**TASK PROMPT**
I'd like every line from the material below that has "ultimately" in it.

**ENTRIES SHOWN**
lemma ring_succ_neq: "i < s \<Longrightarrow> 2 \<le> s \<Longrightarrow> ring_succ s i \<noteq> i"
  by (auto simp: ring_succ_def)

lemma ring_pred_neq: "i < s \<Longrightarrow> 2 \<le> s \<Longrightarrow> ring_pred s i \<noteq> i"
  by (auto simp: ring_pred_def)

text \<open>Within a block, the hub 0 forms a triangle with the ports 6 and 7, and port 7 is joined
  to port 6 of the next block. The hub is also joined to 1; the gadget on 1, ..., 5 consists of
  K4 minus the edge 23 on 2, 3, 4, 5 together with the edges 12 and 13.\<close>

definition block_nbrs :: "nat \<Rightarrow> nat \<Rightarrow> nat \<Rightarrow> nat set" where
  "block_nbrs s i r =
    (if r = 0 then {node i 1, node i 6, node i 7}
     else if r = 1 then {node i 0, node i 2, node i 3}
     else if r = 2 then {node i 1, node i 4, node i 5}
     else if r = 3 then {node i 1, node i 4, node i 5}
     else if r = 4 then {node i 2, node i 3, node i 5}
     else if r = 5 then {node i 2, node i 3, node i 4}
     else if r = 6 then {node i 0, node i 7, node (ring_pred s i) 7}
     else {node i 0, node i 6, node (ring_succ s i) 6})"

definition nbrs :: "nat \<Rightarrow> nat \<Rightarrow> nat set" where
  "nbrs s v = block_nbrs s (v div 8) (v mod 8)"

definition ring_edges :: "nat \<Rightarrow> nat set set" where
  "ring_edges s = {{v, u} | v u. v < 8 * s \<and> u \<in> nbrs s v}"

lemma nbrs_node [simp]: "r < 8 \<Longrightarrow> nbrs s (node i r) = block_nbrs s i r"
  by (simp add: nbrs_def)

lemma block_nbrs_sym:
  assumes "i < s" "r < 8" "u \<in> block_nbrs s i r"
  shows "u div 8 < s \<and> u mod 8 < 8 \<and> node i r \<in> block_nbrs s (u div 8) (u mod 8) \<and> u \<noteq> node i r"
  using less_8_cases[OF assms(2)] assms by (elim disjE) (auto simp: block_nbrs_def)

lemma nbrs_sym:
  assumes "v < 8 * s" "u \<in> nbrs s v"
  shows "u < 8 * s \<and> v \<in> nbrs s u \<and> u \<noteq> v"
proof -
  obtain i r where i: "i < s" and r: "r < 8" and v: "v = node i r"
    using assms(1) by (rule nodeE)
  have "u \<in> block_nbrs s i r"
    using assms(2) r v by simp
  from block_nbrs_sym[OF i r this] have "u div 8 < s" "u mod 8 < 8" "v \<in> nbrs s u" "u \<noteq> v"
    by (simp_all add: nbrs_def v)
  then show ?thesis
    by (metis node_div_mod node_less_iff)
qed

lemma card_nbrs:
  assumes "v < 8 * s" "2 \<le> s"
  shows "card (nbrs s v) = 3"
proof -
  obtain i r where i: "i < s" and r: "r < 8" and v: "v = node i r"
    using assms(1) by (rule nodeE)
  show ?thesis
    using less_8_cases[OF r] r ring_pred_neq[OF i assms(2)] ring_succ_neq[OF i assms(2)] unfolding v
    by (elim disjE) (auto simp: block_nbrs_def)
qed

lemma edge_in_ring_edges: "v < 8 * s \<Longrightarrow> u \<in> nbrs s v \<Longrightarrow> {v, u} \<in> ring_edges s"
  unfolding ring_edges_def by blast

lemma ring_edges_incident: "e \<in> ring_edges s \<Longrightarrow> v \<in> e \<Longrightarrow> v < 8 * s \<and> (\<exists>u\<in>nbrs s v. e = {v, u})"
  unfolding ring_edges_def using nbrs_sym by (auto simp: insert_commute)

lemma ring_edges_subset: "ring_edges s \<subseteq> Pow {..<8 * s}"
  unfolding ring_edges_def using nbrs_sym by auto

lemma finite_ring_edges: "finite (ring_edges s)"
  using ring_edges_subset by (rule finite_subset) simp

lemma ring_edgeE:
  assumes "e \<in> ring_edges s"
  obtains v u where "e = {v, u}" "v < 8 * s" "u < 8 * s" "u \<noteq> v" "u \<in> nbrs s v"
  using assms nbrs_sym unfolding ring_edges_def by blast

lemma card_ring_edge: "e \<in> ring_edges s \<Longrightarrow> card e = 2"
  by (erule ring_edgeE) simp

lemma simple_graph_ring: "simple_graph {..<8 * s} (ring_edges s)"
  unfolding simple_graph_def by (auto elim!: ring_edgeE)

lemma degree_ring_edges:
  assumes "v < 8 * s" "2 \<le> s"
  shows "degree (ring_edges s) v = 3"
proof -
  have "{e \<in> ring_edges s. v \<in> e} = (\<lambda>u. {v, u}) ` nbrs s v"
    using ring_edges_incident[of _ s v] edge_in_ring_edges[OF assms(1)] by auto
  moreover have "inj_on (\<lambda>u. {v, u}) (nbrs s v)"
    using nbrs_sym[OF assms(1)] by (auto simp: inj_on_def doubleton_eq_iff)
  ultimately show ?thesis
    unfolding degree_def using card_nbrs[OF assms] by (simp add: card_image)
qed

lemma cubic_ring: "2 \<le> s \<Longrightarrow> cubic {..<8 * s} (ring_edges s)"
  unfolding cubic_def using degree_ring_edges by simp

lemma symp_adj: "symp (adj E)"
  by (rule sympI) (simp add: adj_def insert_commute)

lemma adj_node: "i < s \<Longrightarrow> r < 8 \<Longrightarrow> u \<in> block_nbrs s i r \<Longrightarrow> adj (ring_edges s) (node i r) u"
  unfolding adj_def by (rule edge_in_ring_edges) simp_all

lemma hub_reaches_block:
  assumes "i < s" "r < 8"
  shows "(adj (ring_edges s))\<^sup>*\<^sup>* (node i 0) (node i r)"
proof -
  let ?reach = "(adj (ring_edges s))\<^sup>*\<^sup>* (node i 0)"
  have step: "?reach (node i b)" if "?reach (node i a)" "a < 8" "node i b \<in> block_nbrs s i a" for a b
    using that adj_node[OF assms(1)] by (meson rtranclp.rtrancl_into_rtrancl)
  have 1: "?reach (node i 1)" and 6: "?reach (node i 6)" and 7: "?reach (node i 7)"
    by (rule step[OF rtranclp.rtrancl_refl]; simp add: block_nbrs_def)+
  have 2: "?reach (node i 2)" and 3: "?reach (node i 3)"
    by (rule step[OF 1]; simp add: block_nbrs_def)+
  have 4: "?reach (node i 4)" and 5: "?reach (node i 5)"
    by (rule step[OF 2]; simp add: block_nbrs_def)+
  show ?thesis
    using less_8_cases[OF assms(2)] 1 2 3 4 5 6 7 by auto
qed

lemma hub_reaches_hubs:
  assumes "i < s"
  shows "(adj (ring_edges s))\<^sup>*\<^sup>* (node 0 0) (node i 0)"
  using assms
proof (induction i)
  case 0
  then show ?case by simp
next
  case (Suc i)
  then have "i < s" "ring_succ s i = Suc i"
    by (auto simp: ring_succ_def)
  let ?R = "adj (ring_edges s)"
  have "?R\<^sup>*\<^sup>* (node 0 0) (node i 7)"
    using Suc.IH[OF \<open>i < s\<close>] hub_reaches_block[OF \<open>i < s\<close>, of 7] by (rule rtranclp_trans) simp
  moreover have "?R (node i 7) (node (Suc i) 6)" "?R (node (Suc i) 6) (node (Suc i) 0)"
    using adj_node[of i s 7] adj_node[of "Suc i" s 6] Suc.prems \<open>i < s\<close> \<open>ring_succ s i = Suc i\<close>
    by (simp_all add: block_nbrs_def)
  ultimately show ?case
    by (rule rtranclp.rtrancl_into_rtrancl[OF rtranclp.rtrancl_into_rtrancl])
qed

lemma connected_ring: "1 \<le> s \<Longrightarrow> connected_graph {..<8 * s} (ring_edges s)"
proof -
  assume "1 \<le> s"
  let ?R = "adj (ring_edges s)"
  have reach: "?R\<^sup>*\<^sup>* (node 0 0) v" if v: "v < 8 * s" for v
  proof -
    obtain i r where "i < s" "r < 8" "v = node i r"
      using v by (rule nodeE)
    then show ?thesis
      using hub_reaches_hubs[of i s] hub_reaches_block[of i s r] by (simp add: rtranclp_trans)
  qed
  have "?R\<^sup>*\<^sup>* u v" if "u < 8 * s" "v < 8 * s" for u v
  proof -
    have "?R\<^sup>*\<^sup>* u (node 0 0)"
      using sympD[OF symp_rtranclp[OF symp_adj] reach[OF that(1)]] .
    then show ?thesis
      using reach[OF that(2)] by (rule rtranclp_trans)
  qed
  moreover have "0 \<in> {..<8 * s}"
    using \<open>1 \<le> s\<close> by simp
  ultimately show ?thesis
    unfolding connected_graph_def lessThan_iff by blast
qed

section \<open>Every edge lies in a [4s-1]-matching\<close>

lemma ring_k_matching_of_involution:
  assumes "1 \<le> s"
    and inv: "\<And>j t. j < s \<Longrightarrow> t < 8 \<Longrightarrow> ok j t \<Longrightarrow>
      g j t < s \<and> f j t < 8 \<and> ok (g j t) (f j t) \<and> g (g j t) (f j t) = j \<and> f (g j t) (f j t) = t
      \<and> node (g j t) (f j t) \<in> block_nbrs s j t"
    and few_missing: "\<And>j t. j < s \<Longrightarrow> t < 8 \<Longrightarrow> \<not> ok j t \<Longrightarrow> node j t \<in> {a, b}"
    and "i < s" "r < 8" "ok i r"
  shows "\<exists>M. k_matching (ring_edges s) (4 * s - 1) M \<and> {node i r, node (g i r) (f i r)} \<in> M"
proof -
  define D where "D = {v. v < 8 * s \<and> ok (v div 8) (v mod 8)}"
  define p where "p v = node (g (v div 8) (v mod 8)) (f (v div 8) (v mod 8))" for v
  have involution: "p w \<in> D \<and> p (p w) = w \<and> p w \<noteq> w \<and> {w, p w} \<in> ring_edges s"
    if w: "w \<in> D" for w
  proof -
    obtain j t where "j < s" "t < 8" "w = node j t"
      using w unfolding D_def by (blast elim: nodeE)
    moreover have "ok j t"
      using w \<open>t < 8\<close> \<open>w = node j t\<close> unfolding D_def by simp
    ultimately have "p w \<in> D \<and> p (p w) = w \<and> p w \<in> nbrs s w" and "w < 8 * s"
      using inv[of j t] unfolding D_def p_def by simp_all
    then show ?thesis
      using nbrs_sym edge_in_ring_edges by blast
  qed
  have "finite D"
    unfolding D_def by simp
  have "{..<8 * s} - {a, b} \<subseteq> D"
    unfolding D_def using few_missing by (force elim: nodeE)
  then have "card ({..<8 * s} - {a, b}) \<le> card D"
    using \<open>finite D\<close> by (rule card_mono[rotated])
  moreover have "card {..<8 * s} - card {a, b} \<le> card ({..<8 * s} - {a, b})"
    by (rule diff_card_le_card_Diff) simp
  moreover have "card {a, b} \<le> 2"
    by (rule card_insert_le_m1) auto
  ultimately have "2 * (4 * s - 1) \<le> card D"
    by simp
  moreover have "node i r \<in> D"
    unfolding D_def using assms(4-6) by simp
  ultimately have "\<exists>M. k_matching (ring_edges s) (4 * s - 1) M \<and> {node i r, p (node i r)} \<in> M"
    using k_matching_of_involution[OF \<open>finite D\<close> involution] \<open>1 \<le> s\<close> by simp
  then show ?thesis
    unfolding p_def using \<open>r < 8\<close> by simp
qed

text \<open>Residue involutions, listed as the images of 0, ..., 7. Every block paired by
  pairing_A, or every block paired by pairing_B with port 7 of each block matched to port 6
  of the next, gives a perfect matching. Replacing pairing_A in one block by pairing_hub6
  (resp. pairing_hub7) gives a matching missing only the vertices 3 and 7 (resp. 2 and 6) of
  that block. These four kinds of matchings cover every edge.\<close>

definition pairing_A :: "nat list" where "pairing_A = [1, 0, 4, 5, 2, 3, 7, 6]"
definition pairing_B :: "nat list" where "pairing_B = [1, 0, 5, 4, 3, 2, 7, 6]"
definition pairing_hub6 :: "nat list" where "pairing_hub6 = [6, 2, 1, 3, 5, 4, 0, 7]"
definition pairing_hub7 :: "nat list" where "pairing_hub7 = [7, 3, 2, 1, 5, 4, 6, 0]"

**TASK RESULT**
  ultimately show ?thesis
  ultimately show ?case
  ultimately show ?thesis
    ultimately have "p w \<in> D \<and> p (p w) = w \<and> p w \<in> nbrs s w" and "w < 8 * s"
  ultimately have "2 * (4 * s - 1) \<le> card D"
  ultimately have "\<exists>M. k_matching (ring_edges s) (4 * s - 1) M \<and> {node i r, p (node i r)} \<in> M"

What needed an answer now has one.